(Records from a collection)
● ● ● ● ● ● ●
(* Let $(a_n)_{\mathrm c}\in\widetilde{\mathbb C}_{\mathrm c}$ and $c\in\widetilde{\mathbb C}$. (i) If $z\in S((a_n)_{\mathrm c},c)$ (i.e. $\sum_{n\in\widetilde{\mathbb N}}a_n(z-c)^n$ is a convergent hyperpower series), then there exists $K\in\widetilde{\mathbb N}$ such that $|a_n(z-c)^n|<K$ for all $n\in\widetilde{\mathbb N}$, where $a_n(z-c)^n$ denotes the $n$-th term of the formal hyperpower series $(a_n(z-c)^n)_n\in\widetilde{\mathbb C}_{\mathrm s}$. (ii) For all representatives $(a_n)_{\mathrm c}=[a_{n\varepsilon}]_{\mathrm c}$ and $c=[c_\varepsilon]$ there exists $\delta\in\widetilde{\mathbb R}_{>0}$ such that for every $z=[z_\varepsilon]\in B_\delta(c)$ there is $K=[K_\varepsilon]\in\widetilde{\mathbb R}_{>0}$ with: for all sufficiently small $\varepsilon$ and all $n\in\mathbb N$, $|a_{n\varepsilon}(z_\varepsilon-c_\varepsilon)^n|<K_\varepsilon$.
   Context: Fix $I=(0,1]$ and a gauge $\rho=(\rho_\varepsilon)_{\varepsilon\in I}$ with $\rho_\varepsilon\in I$ and $\rho_\varepsilon\to0$ as $\varepsilon\to0$. "$\forall^0\varepsilon$" means "for all sufficiently small $\varepsilon\in I$". A net $(x_\varepsilon)\in\mathbb C^I$ is $\rho$-moderate ($(x_\varepsilon)\in\mathbb C_\rho$) if $\exists N\in\mathbb N\,\forall^0\varepsilon:|x_\varepsilon|\le\rho_\varepsilon^{-N}$, and $\rho$-negligible if $\forall q\in\mathbb N\,\forall^0\varepsilon:|x_\varepsilon|\le\rho_\varepsilon^q$. $\widetilde{\mathbb C}:=\mathbb C_\rho/\{\text{negligible nets}\}$ with classes $[x_\varepsilon]$; $\widetilde{\mathbb R}\subseteq\widetilde{\mathbb C}$ consists of classes of real moderate nets; $\mathrm d\rho:=[\rho_\varepsilon]$, $|[z_\varepsilon]|:=[|z_\varepsilon|]$. On $\widetilde{\mathbb R}$: $[x_\varepsilon]\le[y_\varepsilon]$ iff $x_\varepsilon\le y_\varepsilon+z_\varepsilon$ $\forall^0\varepsilon$ for some negligible $(z_\varepsilon)$; $x<y$ iff $\exists m\,\forall^0\varepsilon:y_\varepsilon-x_\varepsilon>\rho_\varepsilon^m$; $\widetilde{\mathbb R}_{>0}:=\{x:x>0\}$. $B_r(c):=\{z\in\widetilde{\mathbb C}:|z-c|<r\}$ for $r\in\widetilde{\mathbb R}_{>0}$. Hypernatural numbers: $\widetilde{\mathbb N}:=\{[n_\varepsilon]\in\widetilde{\mathbb R}:n_\varepsilon\in\mathbb N\ \forall\varepsilon\}$; for each $N\in\widetilde{\mathbb N}$ a representative $(\mathrm{ni}(N)_\varepsilon)$ with all $\mathrm{ni}(N)_\varepsilon\in\mathbb N$ is fixed. Hyperlimit: $l=\lim_{n\in\widetilde{\mathbb N}}a_n$ means $\forall q\,\exists M\in\widetilde{\mathbb N}\,\forall n\in\widetilde{\mathbb N}:n\ge M\Rightarrow|a_n-l|<\mathrm d\rho^q$. Hyperseries: a net $(a_{n\varepsilon})_{n\in\mathbb N,\varepsilon\in I}$ is moderate over hypersums if for every $N\in\widetilde{\mathbb N}$ the net $(\sum_{n=0}^{\mathrm{ni}(N)_\varepsilon}a_{n\varepsilon})_\varepsilon$ is $\rho$-moderate; two such nets are equivalent if for all $N,M\in\widetilde{\mathbb N}$ the net $(\sum_{n=\mathrm{ni}(N)_\varepsilon}^{\mathrm{ni}(M)_\varepsilon}(a_{n\varepsilon}-\bar a_{n\varepsilon}))_\varepsilon$ is negligible; the quotient is $\widetilde{\mathbb C}_{\mathrm s}$ with classes $(b_n)_n=[b_{n\varepsilon}]_{\mathrm s}$, and $b_N:=[b_{\mathrm{ni}(N)_\varepsilon,\varepsilon}]$ for $N\in\widetilde{\mathbb N}$ (well defined). $\sum_{n=N}^Mb_n:=[\sum_{n=\mathrm{ni}(N)_\varepsilon}^{\mathrm{ni}(M)_\varepsilon}b_{n\varepsilon}]$, and $\sum_{n\in\widetilde{\mathbb N}}b_n:=\lim_{N\in\widetilde{\mathbb N}}\sum_{n=0}^Nb_n$ when this hyperlimit exists. Coefficients: $\widetilde{\mathbb C}_{\mathrm c}$ is the set of weakly $\rho$-moderate nets $(a_{n\varepsilon})$ ($\exists Q,R\in\mathbb N\,\forall^0\varepsilon\,\forall n\in\mathbb N:|a_{n\varepsilon}|\le\rho_\varepsilon^{-nQ-R}$) modulo strong equivalence ($\forall q,r\,\forall^0\varepsilon\,\forall n:|a_{n\varepsilon}-\bar a_{n\varepsilon}|\le\rho_\varepsilon^{nq+r}$), classes $(a_n)_{\mathrm c}=[a_{n\varepsilon}]_{\mathrm c}$. $\widetilde{\mathbb R}_\infty:=(\mathbb R\cup\{\pm\infty\})^I/\sim_\rho$, and for $x\in\widetilde{\mathbb R}$, $y\in\widetilde{\mathbb R}_\infty$, $x<y$ iff $\exists m\,\forall^0\varepsilon:y_\varepsilon>x_\varepsilon+\rho_\varepsilon^m$. Radius: $\mathrm{rad}(a_n)_{\mathrm c}:=[(\limsup_n|a_{n\varepsilon}|^{1/n})^{-1}]\in\widetilde{\mathbb R}_\infty$. Set of convergence: $S((a_n)_{\mathrm c},c)$ is the set of $z\in\widetilde{\mathbb C}$ with $|z-c|<\mathrm{rad}(a_n)_{\mathrm c}$ for which there exist representatives $z=[z_\varepsilon]$, $c=[c_\varepsilon]$, $(a_n)_{\mathrm c}=[a_{n\varepsilon}]_{\mathrm c}$ such that: (a) the net $(a_{n\varepsilon}(z_\varepsilon-c_\varepsilon)^n)_{n,\varepsilon}$ is moderate over hypersums (its class $(a_n(z-c)^n)_n\in\widetilde{\mathbb C}_{\mathrm s}$ is the formal hyperpower series, independent of representatives); (b) the hyperseries $\sum_{n\in\widetilde{\mathbb N}}a_n(z-c)^n$ converges and equals $[\sum_{n=0}^{\infty}a_{n\varepsilon}(z_\varepsilon-c_\varepsilon)^n]$; (c) for every representative $z=[\hat z_\varepsilon]$, the net $(\sum_{n\ge1}na_{n\varepsilon}(\hat z_\varepsilon-c_\varepsilon)^{n-1})_\varepsilon$ is $\rho$-moderate. *)

theory Defs
  imports Complex_Main "HOL-Library.Extended_Real" "HOL-Library.Liminf_Limsup"
begin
● ● ● ● ● ● ●
Work to be completed
Output each entry exactly as written, leaving none out.

Response area
(* Let $(a_n)_{\mathrm c}\in\widetilde{\mathbb C}_{\mathrm c}$ and $c\in\widetilde{\mathbb C}$. (i) If $z\in S((a_n)_{\mathrm c},c)$ (i.e. $\sum_{n\in\widetilde{\mathbb N}}a_n(z-c)^n$ is a convergent hyperpower series), then there exists $K\in\widetilde{\mathbb N}$ such that $|a_n(z-c)^n|<K$ for all $n\in\widetilde{\mathbb N}$, where $a_n(z-c)^n$ denotes the $n$-th term of the formal hyperpower series $(a_n(z-c)^n)_n\in\widetilde{\mathbb C}_{\mathrm s}$. (ii) For all representatives $(a_n)_{\mathrm c}=[a_{n\varepsilon}]_{\mathrm c}$ and $c=[c_\varepsilon]$ there exists $\delta\in\widetilde{\mathbb R}_{>0}$ such that for every $z=[z_\varepsilon]\in B_\delta(c)$ there is $K=[K_\varepsilon]\in\widetilde{\mathbb R}_{>0}$ with: for all sufficiently small $\varepsilon$ and all $n\in\mathbb N$, $|a_{n\varepsilon}(z_\varepsilon-c_\varepsilon)^n|<K_\varepsilon$.
   Context: Fix $I=(0,1]$ and a gauge $\rho=(\rho_\varepsilon)_{\varepsilon\in I}$ with $\rho_\varepsilon\in I$ and $\rho_\varepsilon\to0$ as $\varepsilon\to0$. "$\forall^0\varepsilon$" means "for all sufficiently small $\varepsilon\in I$". A net $(x_\varepsilon)\in\mathbb C^I$ is $\rho$-moderate ($(x_\varepsilon)\in\mathbb C_\rho$) if $\exists N\in\mathbb N\,\forall^0\varepsilon:|x_\varepsilon|\le\rho_\varepsilon^{-N}$, and $\rho$-negligible if $\forall q\in\mathbb N\,\forall^0\varepsilon:|x_\varepsilon|\le\rho_\varepsilon^q$. $\widetilde{\mathbb C}:=\mathbb C_\rho/\{\text{negligible nets}\}$ with classes $[x_\varepsilon]$; $\widetilde{\mathbb R}\subseteq\widetilde{\mathbb C}$ consists of classes of real moderate nets; $\mathrm d\rho:=[\rho_\varepsilon]$, $|[z_\varepsilon]|:=[|z_\varepsilon|]$. On $\widetilde{\mathbb R}$: $[x_\varepsilon]\le[y_\varepsilon]$ iff $x_\varepsilon\le y_\varepsilon+z_\varepsilon$ $\forall^0\varepsilon$ for some negligible $(z_\varepsilon)$; $x<y$ iff $\exists m\,\forall^0\varepsilon:y_\varepsilon-x_\varepsilon>\rho_\varepsilon^m$; $\widetilde{\mathbb R}_{>0}:=\{x:x>0\}$. $B_r(c):=\{z\in\widetilde{\mathbb C}:|z-c|<r\}$ for $r\in\widetilde{\mathbb R}_{>0}$. Hypernatural numbers: $\widetilde{\mathbb N}:=\{[n_\varepsilon]\in\widetilde{\mathbb R}:n_\varepsilon\in\mathbb N\ \forall\varepsilon\}$; for each $N\in\widetilde{\mathbb N}$ a representative $(\mathrm{ni}(N)_\varepsilon)$ with all $\mathrm{ni}(N)_\varepsilon\in\mathbb N$ is fixed. Hyperlimit: $l=\lim_{n\in\widetilde{\mathbb N}}a_n$ means $\forall q\,\exists M\in\widetilde{\mathbb N}\,\forall n\in\widetilde{\mathbb N}:n\ge M\Rightarrow|a_n-l|<\mathrm d\rho^q$. Hyperseries: a net $(a_{n\varepsilon})_{n\in\mathbb N,\varepsilon\in I}$ is moderate over hypersums if for every $N\in\widetilde{\mathbb N}$ the net $(\sum_{n=0}^{\mathrm{ni}(N)_\varepsilon}a_{n\varepsilon})_\varepsilon$ is $\rho$-moderate; two such nets are equivalent if for all $N,M\in\widetilde{\mathbb N}$ the net $(\sum_{n=\mathrm{ni}(N)_\varepsilon}^{\mathrm{ni}(M)_\varepsilon}(a_{n\varepsilon}-\bar a_{n\varepsilon}))_\varepsilon$ is negligible; the quotient is $\widetilde{\mathbb C}_{\mathrm s}$ with classes $(b_n)_n=[b_{n\varepsilon}]_{\mathrm s}$, and $b_N:=[b_{\mathrm{ni}(N)_\varepsilon,\varepsilon}]$ for $N\in\widetilde{\mathbb N}$ (well defined). $\sum_{n=N}^Mb_n:=[\sum_{n=\mathrm{ni}(N)_\varepsilon}^{\mathrm{ni}(M)_\varepsilon}b_{n\varepsilon}]$, and $\sum_{n\in\widetilde{\mathbb N}}b_n:=\lim_{N\in\widetilde{\mathbb N}}\sum_{n=0}^Nb_n$ when this hyperlimit exists. Coefficients: $\widetilde{\mathbb C}_{\mathrm c}$ is the set of weakly $\rho$-moderate nets $(a_{n\varepsilon})$ ($\exists Q,R\in\mathbb N\,\forall^0\varepsilon\,\forall n\in\mathbb N:|a_{n\varepsilon}|\le\rho_\varepsilon^{-nQ-R}$) modulo strong equivalence ($\forall q,r\,\forall^0\varepsilon\,\forall n:|a_{n\varepsilon}-\bar a_{n\varepsilon}|\le\rho_\varepsilon^{nq+r}$), classes $(a_n)_{\mathrm c}=[a_{n\varepsilon}]_{\mathrm c}$. $\widetilde{\mathbb R}_\infty:=(\mathbb R\cup\{\pm\infty\})^I/\sim_\rho$, and for $x\in\widetilde{\mathbb R}$, $y\in\widetilde{\mathbb R}_\infty$, $x<y$ iff $\exists m\,\forall^0\varepsilon:y_\varepsilon>x_\varepsilon+\rho_\varepsilon^m$. Radius: $\mathrm{rad}(a_n)_{\mathrm c}:=[(\limsup_n|a_{n\varepsilon}|^{1/n})^{-1}]\in\widetilde{\mathbb R}_\infty$. Set of convergence: $S((a_n)_{\mathrm c},c)$ is the set of $z\in\widetilde{\mathbb C}$ with $|z-c|<\mathrm{rad}(a_n)_{\mathrm c}$ for which there exist representatives $z=[z_\varepsilon]$, $c=[c_\varepsilon]$, $(a_n)_{\mathrm c}=[a_{n\varepsilon}]_{\mathrm c}$ such that: (a) the net $(a_{n\varepsilon}(z_\varepsilon-c_\varepsilon)^n)_{n,\varepsilon}$ is moderate over hypersums (its class $(a_n(z-c)^n)_n\in\widetilde{\mathbb C}_{\mathrm s}$ is the formal hyperpower series, independent of representatives); (b) the hyperseries $\sum_{n\in\widetilde{\mathbb N}}a_n(z-c)^n$ converges and equals $[\sum_{n=0}^{\infty}a_{n\varepsilon}(z_\varepsilon-c_\varepsilon)^n]$; (c) for every representative $z=[\hat z_\varepsilon]$, the net $(\sum_{n\ge1}na_{n\varepsilon}(\hat z_\varepsilon-c_\varepsilon)^{n-1})_\varepsilon$ is $\rho$-moderate. *)

theory Defs
  imports Complex_Main "HOL-Library.Extended_Real" "HOL-Library.Liminf_Limsup"
begin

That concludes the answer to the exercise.